§ PROBLEM
Look through the entries below and show every line containing the word "open".

§ MATERIAL FOR THIS EXERCISE
section \<open>Moebius maps of positive matrices\<close>

text \<open>In the coordinates (1 + z, 1 - z), denominator plus and minus numerator of f are the rows
  of B, and those of \<open>f\<^sup>T\<close> its columns; this is how positivity of B enters.\<close>

lemma mob_sums_of_num_denom:
  "mob_gamma B * z + mob_delta B + (mob_alpha B * z + mob_beta B) = B$1$1 * (1 + z) + B$1$2 * (1 - z)"
  "mob_gamma B * z + mob_delta B - (mob_alpha B * z + mob_beta B) = B$2$1 * (1 + z) + B$2$2 * (1 - z)"
  "mob_beta B * z + mob_delta B + (mob_alpha B * z + mob_gamma B) = B$1$1 * (1 + z) + B$2$1 * (1 - z)"
  "mob_beta B * z + mob_delta B - (mob_alpha B * z + mob_gamma B) = B$1$2 * (1 + z) + B$2$2 * (1 - z)"
  unfolding mob_alpha_def mob_beta_def mob_gamma_def mob_delta_def by (simp_all add: field_simps)

lemma convex_combination_pos:
  fixes a c z :: real
  assumes "0 < a" "0 < c" "\<bar>z\<bar> \<le> 1"
  shows "0 < a * (1 + z) + c * (1 - z)"
proof (cases "0 \<le> z")
  case True
  hence "0 < a * (1 + z)" "0 \<le> c * (1 - z)" using assms by auto
  thus ?thesis by linarith
next
  case False
  hence "0 \<le> a * (1 + z)" "0 < c * (1 - z)" using assms by auto
  thus ?thesis by linarith
qed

§ ANSWER TO THE PROBLEM
section \<open>Moebius maps of positive matrices\<close>
text \<open>In the coordinates (1 + z, 1 - z), denominator plus and minus numerator of f are the rows
  of B, and those of \<open>f\<^sup>T\<close> its columns; this is how positivity of B enters.\<close>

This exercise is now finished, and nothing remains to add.